Quote the entries below from the line with "True by simp" through the line with "(1 / b)\<^sup>2", both ends included, and only those lines.

=== Begin Enclosure ===

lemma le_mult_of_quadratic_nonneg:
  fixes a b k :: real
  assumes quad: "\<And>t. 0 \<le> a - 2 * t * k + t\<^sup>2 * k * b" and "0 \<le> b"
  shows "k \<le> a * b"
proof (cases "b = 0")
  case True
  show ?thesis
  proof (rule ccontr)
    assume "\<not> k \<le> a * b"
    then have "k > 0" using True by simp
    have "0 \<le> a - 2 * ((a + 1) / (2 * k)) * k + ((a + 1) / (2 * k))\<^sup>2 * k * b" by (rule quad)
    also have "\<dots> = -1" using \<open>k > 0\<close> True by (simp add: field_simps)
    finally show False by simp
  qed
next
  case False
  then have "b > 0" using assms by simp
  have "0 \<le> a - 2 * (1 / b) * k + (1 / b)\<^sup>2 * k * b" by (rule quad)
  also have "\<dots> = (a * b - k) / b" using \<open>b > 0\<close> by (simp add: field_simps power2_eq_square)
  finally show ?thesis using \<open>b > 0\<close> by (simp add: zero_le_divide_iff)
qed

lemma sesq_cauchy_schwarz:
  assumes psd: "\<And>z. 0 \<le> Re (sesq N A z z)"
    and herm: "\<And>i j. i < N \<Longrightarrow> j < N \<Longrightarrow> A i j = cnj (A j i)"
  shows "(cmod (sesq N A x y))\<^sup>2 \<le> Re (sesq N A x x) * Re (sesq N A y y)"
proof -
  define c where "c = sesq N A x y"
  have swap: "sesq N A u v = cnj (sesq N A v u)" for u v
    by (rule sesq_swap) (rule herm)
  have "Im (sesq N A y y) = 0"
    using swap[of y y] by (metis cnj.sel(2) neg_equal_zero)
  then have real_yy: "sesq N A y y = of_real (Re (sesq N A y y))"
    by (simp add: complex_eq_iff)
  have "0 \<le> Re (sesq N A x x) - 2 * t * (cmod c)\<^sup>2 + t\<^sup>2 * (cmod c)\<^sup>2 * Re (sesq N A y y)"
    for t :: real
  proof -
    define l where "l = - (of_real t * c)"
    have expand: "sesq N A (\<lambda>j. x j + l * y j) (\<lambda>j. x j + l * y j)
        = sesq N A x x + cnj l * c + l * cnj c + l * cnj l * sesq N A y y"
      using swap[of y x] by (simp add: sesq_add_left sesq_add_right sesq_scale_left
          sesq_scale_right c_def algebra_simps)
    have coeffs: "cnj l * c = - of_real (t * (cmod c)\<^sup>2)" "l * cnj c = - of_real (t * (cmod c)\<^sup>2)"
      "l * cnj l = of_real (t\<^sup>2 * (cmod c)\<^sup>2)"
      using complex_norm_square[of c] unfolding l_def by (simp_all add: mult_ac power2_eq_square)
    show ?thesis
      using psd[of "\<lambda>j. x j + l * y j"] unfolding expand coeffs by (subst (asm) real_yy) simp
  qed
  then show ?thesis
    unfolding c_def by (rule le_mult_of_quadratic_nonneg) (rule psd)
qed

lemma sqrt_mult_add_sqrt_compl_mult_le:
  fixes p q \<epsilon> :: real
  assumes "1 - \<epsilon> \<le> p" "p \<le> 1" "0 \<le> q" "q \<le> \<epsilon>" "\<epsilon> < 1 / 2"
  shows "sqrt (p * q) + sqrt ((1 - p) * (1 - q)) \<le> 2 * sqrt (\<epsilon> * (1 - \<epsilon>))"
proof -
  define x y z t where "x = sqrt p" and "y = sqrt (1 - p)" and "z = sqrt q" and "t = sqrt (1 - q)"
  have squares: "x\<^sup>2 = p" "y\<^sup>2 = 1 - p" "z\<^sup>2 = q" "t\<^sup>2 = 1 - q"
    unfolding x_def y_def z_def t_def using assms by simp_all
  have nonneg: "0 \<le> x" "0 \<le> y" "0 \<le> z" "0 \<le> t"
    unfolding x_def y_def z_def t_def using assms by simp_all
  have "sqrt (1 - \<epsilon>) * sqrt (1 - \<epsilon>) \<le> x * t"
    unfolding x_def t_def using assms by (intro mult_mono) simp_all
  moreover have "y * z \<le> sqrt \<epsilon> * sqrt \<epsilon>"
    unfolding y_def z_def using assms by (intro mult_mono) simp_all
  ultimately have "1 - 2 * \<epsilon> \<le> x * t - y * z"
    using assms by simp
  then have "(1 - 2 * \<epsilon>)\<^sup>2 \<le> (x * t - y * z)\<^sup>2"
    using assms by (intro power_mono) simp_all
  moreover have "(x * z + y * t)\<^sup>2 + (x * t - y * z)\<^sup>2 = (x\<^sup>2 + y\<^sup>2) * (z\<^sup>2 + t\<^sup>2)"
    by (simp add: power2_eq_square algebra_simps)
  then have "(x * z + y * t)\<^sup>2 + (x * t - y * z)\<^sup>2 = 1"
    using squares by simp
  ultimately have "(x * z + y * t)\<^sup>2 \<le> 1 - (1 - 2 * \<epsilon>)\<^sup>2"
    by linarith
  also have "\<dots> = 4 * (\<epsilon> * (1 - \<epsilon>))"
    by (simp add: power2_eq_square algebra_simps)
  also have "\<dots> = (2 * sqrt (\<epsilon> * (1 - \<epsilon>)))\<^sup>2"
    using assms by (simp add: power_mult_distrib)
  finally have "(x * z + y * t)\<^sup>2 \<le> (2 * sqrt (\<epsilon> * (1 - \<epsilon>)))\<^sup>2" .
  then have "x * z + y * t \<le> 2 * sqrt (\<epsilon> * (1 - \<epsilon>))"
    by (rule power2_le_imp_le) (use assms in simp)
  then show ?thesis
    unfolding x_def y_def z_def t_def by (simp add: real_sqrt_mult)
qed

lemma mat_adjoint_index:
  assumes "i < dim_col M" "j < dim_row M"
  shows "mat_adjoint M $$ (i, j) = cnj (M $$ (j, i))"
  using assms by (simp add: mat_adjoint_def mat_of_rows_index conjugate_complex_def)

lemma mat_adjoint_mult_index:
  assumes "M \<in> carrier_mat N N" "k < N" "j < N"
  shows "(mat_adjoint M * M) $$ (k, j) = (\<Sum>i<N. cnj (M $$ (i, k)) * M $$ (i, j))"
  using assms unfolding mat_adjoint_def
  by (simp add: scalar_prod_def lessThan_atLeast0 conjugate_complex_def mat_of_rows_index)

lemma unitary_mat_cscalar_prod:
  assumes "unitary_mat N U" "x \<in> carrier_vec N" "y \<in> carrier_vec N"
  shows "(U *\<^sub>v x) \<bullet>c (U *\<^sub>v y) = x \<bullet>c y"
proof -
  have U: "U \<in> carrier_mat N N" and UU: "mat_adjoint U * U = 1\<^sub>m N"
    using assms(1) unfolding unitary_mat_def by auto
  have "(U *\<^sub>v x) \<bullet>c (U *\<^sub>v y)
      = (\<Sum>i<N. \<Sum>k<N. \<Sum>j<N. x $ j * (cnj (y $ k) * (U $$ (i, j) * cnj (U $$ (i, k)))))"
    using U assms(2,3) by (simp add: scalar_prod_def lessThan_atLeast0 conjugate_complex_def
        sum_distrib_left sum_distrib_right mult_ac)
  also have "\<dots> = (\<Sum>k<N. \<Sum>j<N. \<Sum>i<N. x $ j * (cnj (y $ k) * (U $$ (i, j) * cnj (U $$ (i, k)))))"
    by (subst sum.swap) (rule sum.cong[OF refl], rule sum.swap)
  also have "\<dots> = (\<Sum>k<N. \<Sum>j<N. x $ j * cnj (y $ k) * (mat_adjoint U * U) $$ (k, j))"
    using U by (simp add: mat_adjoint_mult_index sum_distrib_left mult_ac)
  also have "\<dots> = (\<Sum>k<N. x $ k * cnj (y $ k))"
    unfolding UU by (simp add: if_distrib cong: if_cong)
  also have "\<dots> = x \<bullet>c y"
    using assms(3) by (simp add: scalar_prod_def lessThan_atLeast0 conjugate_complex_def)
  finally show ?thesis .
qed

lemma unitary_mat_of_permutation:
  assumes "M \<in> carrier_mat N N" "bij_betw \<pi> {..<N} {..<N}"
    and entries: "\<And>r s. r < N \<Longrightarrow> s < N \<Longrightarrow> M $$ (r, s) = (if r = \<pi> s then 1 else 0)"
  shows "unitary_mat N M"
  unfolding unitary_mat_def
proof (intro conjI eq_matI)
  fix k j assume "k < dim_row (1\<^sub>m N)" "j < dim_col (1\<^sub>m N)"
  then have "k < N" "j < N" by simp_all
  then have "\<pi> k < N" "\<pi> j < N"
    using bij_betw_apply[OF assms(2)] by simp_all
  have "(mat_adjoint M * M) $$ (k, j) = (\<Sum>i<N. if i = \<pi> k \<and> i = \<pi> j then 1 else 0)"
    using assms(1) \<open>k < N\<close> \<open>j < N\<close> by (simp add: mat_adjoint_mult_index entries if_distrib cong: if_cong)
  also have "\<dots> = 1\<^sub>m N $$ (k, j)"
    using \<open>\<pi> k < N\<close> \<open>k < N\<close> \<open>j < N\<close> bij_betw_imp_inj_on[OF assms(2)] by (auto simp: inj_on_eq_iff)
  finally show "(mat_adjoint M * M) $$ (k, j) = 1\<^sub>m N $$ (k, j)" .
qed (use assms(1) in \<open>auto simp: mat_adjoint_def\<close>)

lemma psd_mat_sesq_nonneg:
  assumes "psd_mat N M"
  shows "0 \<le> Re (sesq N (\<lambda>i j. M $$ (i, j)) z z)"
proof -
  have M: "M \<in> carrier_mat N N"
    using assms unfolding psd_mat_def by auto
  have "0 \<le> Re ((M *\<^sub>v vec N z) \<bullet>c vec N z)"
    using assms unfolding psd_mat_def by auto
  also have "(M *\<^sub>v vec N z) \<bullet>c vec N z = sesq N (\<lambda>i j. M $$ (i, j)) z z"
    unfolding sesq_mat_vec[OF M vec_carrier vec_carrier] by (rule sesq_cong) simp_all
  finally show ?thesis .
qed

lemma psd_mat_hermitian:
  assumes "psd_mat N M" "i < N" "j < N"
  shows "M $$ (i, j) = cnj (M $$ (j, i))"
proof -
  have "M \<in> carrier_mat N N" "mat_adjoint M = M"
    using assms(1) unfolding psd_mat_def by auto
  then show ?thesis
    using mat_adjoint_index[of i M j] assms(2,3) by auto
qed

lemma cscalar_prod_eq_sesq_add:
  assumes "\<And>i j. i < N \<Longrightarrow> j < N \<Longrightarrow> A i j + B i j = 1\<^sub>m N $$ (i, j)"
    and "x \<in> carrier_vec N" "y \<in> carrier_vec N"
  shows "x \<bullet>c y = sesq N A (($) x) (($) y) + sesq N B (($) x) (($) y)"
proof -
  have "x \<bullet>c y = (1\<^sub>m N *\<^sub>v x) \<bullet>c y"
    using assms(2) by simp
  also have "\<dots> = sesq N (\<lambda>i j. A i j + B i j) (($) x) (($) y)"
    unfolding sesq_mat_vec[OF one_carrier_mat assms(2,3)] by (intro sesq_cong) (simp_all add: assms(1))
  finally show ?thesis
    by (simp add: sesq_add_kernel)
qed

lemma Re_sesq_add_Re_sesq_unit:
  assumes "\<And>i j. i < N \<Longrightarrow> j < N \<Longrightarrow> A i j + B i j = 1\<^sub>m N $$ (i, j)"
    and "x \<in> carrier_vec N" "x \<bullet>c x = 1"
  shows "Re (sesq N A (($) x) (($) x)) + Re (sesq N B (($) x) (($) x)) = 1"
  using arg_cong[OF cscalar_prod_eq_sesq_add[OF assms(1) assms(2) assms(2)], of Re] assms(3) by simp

=== End Enclosure ===

*Answer area*.
    then have "k > 0" using True by simp
    have "0 \<le> a - 2 * ((a + 1) / (2 * k)) * k + ((a + 1) / (2 * k))\<^sup>2 * k * b" by (rule quad)
    also have "\<dots> = -1" using \<open>k > 0\<close> True by (simp add: field_simps)
    finally show False by simp
  qed
next
  case False
  then have "b > 0" using assms by simp
  have "0 \<le> a - 2 * (1 / b) * k + (1 / b)\<^sup>2 * k * b" by (rule quad)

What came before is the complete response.